Last Updated Jul 7, 2010 11:05 AM EDT
Pointing Fingers After the Fact
At the heart of these suits is the fact that 401(k) plan sponsors are required to operate a plan in the best interests of the plan participants. The fiduciary standard that Congress didn't have the spine to impose on brokers in the recent financial reform bill already exists for the folks running retirement plans covered by ERISA. In 401(k) stop-drop cases, plaintiff arguments typically focus on whether it was prudent for a plan to continue to offer investment in company stock if it had knowledge the company had some skeletons in its closet. These suits typically bubble up only in hindsight after a steep stock drop, as we're seeing in the aftermath of the BP oil spill.
To date, plaintiffs haven't had an easy time getting their cases past first base. A 1995 legal decision gives plan sponsors a "presumption of prudence." Interestingly, the Department of Labor-the enforcer of ERISA-recently filed an amicus brief in a case involving a Motorola stop drop case, challenging presumed prudence.
Plenty of Blame to Share
The lawyers will be busy for years arguing these cases, and with every investment bubble, financial crisis or BP-ish implosion new cases will materialize. But attacking the problem after it happens misses the real need: Render stock drop cases obsolete by making it hard, if not impossible, for plan participants to over-load on company stock. If you only have 5 percent or so riding on company stock, your retirement isn't derailed no matter how severe the blow up. Yet even today, after a string of stock-drop implosions, Hewitt Associates reports that plan participants who can invest in company stock have an average of nearly 20 percent of their assets riding on that one stock.
Washington took a stab at the company stock issue in the wake of Enron's 2001 collapse-many employees had more than half of their retirement assets invested in company stock-passing regulations that made it easier for employees to diversify out of company stock received as a matching contribution. And indeed, there has been a drop in the overall reliance on company stock. But a 20 percent average is still way too high. Washington understands the power of nudges and automation. So how about automating a company stock cut-off feature? When participants' reach a preset limit in company stock-say 5 percent to 10 percent of their account total-any additional investments would require the employee to override the limit by selecting to opt-out.
Employers could step up to the plate as well. Why invite the lawsuits in the first place? Change your policy to restrict investment in company stock and it becomes a moot issue. And that includes circling back to employees when market appreciation of old stock purchases pushes the weighting into the danger zone. Moreover, if a participant has a high percentage in company stock, might it be prudent to consider making the matching contribution in something other than company stock? Just saying.

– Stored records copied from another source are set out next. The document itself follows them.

lemma bij_betw_insert_top:
  assumes w: "bij_betw w (X - {m}) {1..card (X - {m})}" and m: "m \<in> X" and "finite X"
  shows "bij_betw (w(m := card X)) X {1..card X}"
proof -
  have "card X > 0" using m \<open>finite X\<close> card_gt_0_iff by blast
  then have card: "card (X - {m}) = card X - 1" "card X \<ge> 1"
    using m by (simp_all add: card_Diff_singleton)
  have "bij_betw (w(m := card X)) (X - {m}) {1..card (X - {m})}"
    using w bij_betw_cong[of "X - {m}" "w(m := card X)" w] by simp
  moreover have "bij_betw (w(m := card X)) {m} {card X}" by (simp add: bij_betw_def)
  ultimately have "bij_betw (w(m := card X)) ((X - {m}) \<union> {m}) ({1..card (X - {m})} \<union> {card X})"
    by (rule bij_betw_combine) (use card in simp)
  moreover have "(X - {m}) \<union> {m} = X" "{1..card (X - {m})} \<union> {card X} = {1..card X}"
    using m card by auto
  ultimately show ?thesis by simp
qed

lemma perms_231_delete_top:
  assumes w: "w \<in> perms_231 J X" and m: "m \<in> X" "w m = card X"
  shows "w(m := m) \<in> perms_231 J (X - {m})"
  using perms_231D[OF w] bij_betw_delete_top[OF perms_231D(1)[OF w] m]
  unfolding perms_231_def region_increasing_def avoids_231_def by auto

lemma inv_descent_rel_delete_top:
  assumes w: "bij_betw w X {1..card X}" and m: "m \<in> X" "w m = card X"
  shows "inv_descent_rel (X - {m}) (w(m := m)) = Restr (inv_descent_rel X w) (- {m})"
proof -
  have small: "w x < card X" if "x \<in> X" "x \<noteq> m" for x
    using bij_betw_interval_range[OF w that(1)] bij_betw_interval_inj[OF w that(1) m(1)] that m
    by fastforce
  have descent_iff: "inv_descent (X - {m}) (w(m := m)) v \<longleftrightarrow> inv_descent X w v"
    if "Suc v < card X" for v
  proof
    assume "inv_descent (X - {m}) (w(m := m)) v"
    then show "inv_descent X w v" unfolding inv_descent_def by (metis DiffD1 DiffD2 fun_upd_other insertI1)
  next
    assume "inv_descent X w v"
    then obtain a b where ab: "a \<in> X" "b \<in> X" "a < b" "w a = Suc v" "w b = v"
      unfolding inv_descent_def by blast
    moreover have "a \<noteq> m" "b \<noteq> m" using ab m that by auto
    ultimately show "inv_descent (X - {m}) (w(m := m)) v"
      unfolding inv_descent_def by (intro bexI[of _ a] bexI[of _ b]) auto
  qed
  have pair_iff: "(x, y) \<in> inv_descent_rel (X - {m}) (w(m := m)) \<longleftrightarrow> (x, y) \<in> inv_descent_rel X w"
    if xy: "x \<in> X" "x \<noteq> m" "y \<in> X" "y \<noteq> m" for x y
  proof -
    have "Suc v < card X" if "v < max (w x) (w y)" for v
      using that small[OF xy(1,2)] small[OF xy(3,4)] by (simp add: max_def split: if_split_asm)
    then show ?thesis using xy descent_iff by (auto simp: inv_descent_rel_def)
  qed
  have "(x, y) \<in> inv_descent_rel (X - {m}) (w(m := m)) \<longleftrightarrow>
      (x, y) \<in> Restr (inv_descent_rel X w) (- {m})" for x y
  proof (cases "x \<in> X \<and> x \<noteq> m \<and> y \<in> X \<and> y \<noteq> m")
    case True
    then show ?thesis using pair_iff[of x y] by simp
  next
    case False
    then show ?thesis by (auto simp: inv_descent_rel_def)
  qed
  then show ?thesis by (simp add: set_eq_iff split_paired_all)
qed

lemma inv_descent_rel_top_iff:
  assumes w: "bij_betw w X {1..card X}" and m: "m \<in> X" "w m = card X"
    and t: "t \<in> X" "w t = card X - 1" and y: "y \<in> X" "y \<noteq> m"
  shows "(m, y) \<in> inv_descent_rel X w \<longleftrightarrow> m < t \<and> (t, y) \<in> inv_descent_rel X w"
proof
  have "w y \<noteq> card X" using bij_betw_interval_inj[OF w y(1) m(1)] m y by auto
  then have wy: "1 \<le> w y" "w y \<le> card X - 1" using bij_betw_interval_range[OF w y(1)] by auto
  assume my: "(m, y) \<in> inv_descent_rel X w"
  have mt: "(m, t) \<in> inv_descent_rel X w" using inv_descent_rel_between[OF my t(1)] wy m t by simp
  have "m < t" using inv_descent_rel_antitone[OF w inv_descent_rel_sym[OF mt]] wy m t by simp
  moreover have "(t, y) \<in> inv_descent_rel X w"
    using inv_descent_rel_trans[OF inv_descent_rel_sym[OF mt] my] .
  ultimately show "m < t \<and> (t, y) \<in> inv_descent_rel X w" by simp
next
  assume "m < t \<and> (t, y) \<in> inv_descent_rel X w"
  moreover have "w m = Suc (w t)" using bij_betw_interval_range[OF w t(1)] m t by simp
  ultimately have "rel_bump (inv_descent_rel X w) m t"
    using rel_bump_inv_descent_rel_iff[OF w] m t by simp
  then show "(m, y) \<in> inv_descent_rel X w"
    using inv_descent_rel_trans \<open>m < t \<and> (t, y) \<in> inv_descent_rel X w\<close> unfolding rel_bump_def by blast
qed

And I am well aware employees shoulder plenty of the blame here. In 2010 there's just no excuse for not understanding and heeding the laws of diversification. Sure, it would be helpful if Washington and plan sponsors provided some nudges, but at the end of the day all of this would be unnecessary if plan participants simply took responsibility for their retirement security by keeping their company stock allocation below 10 percent.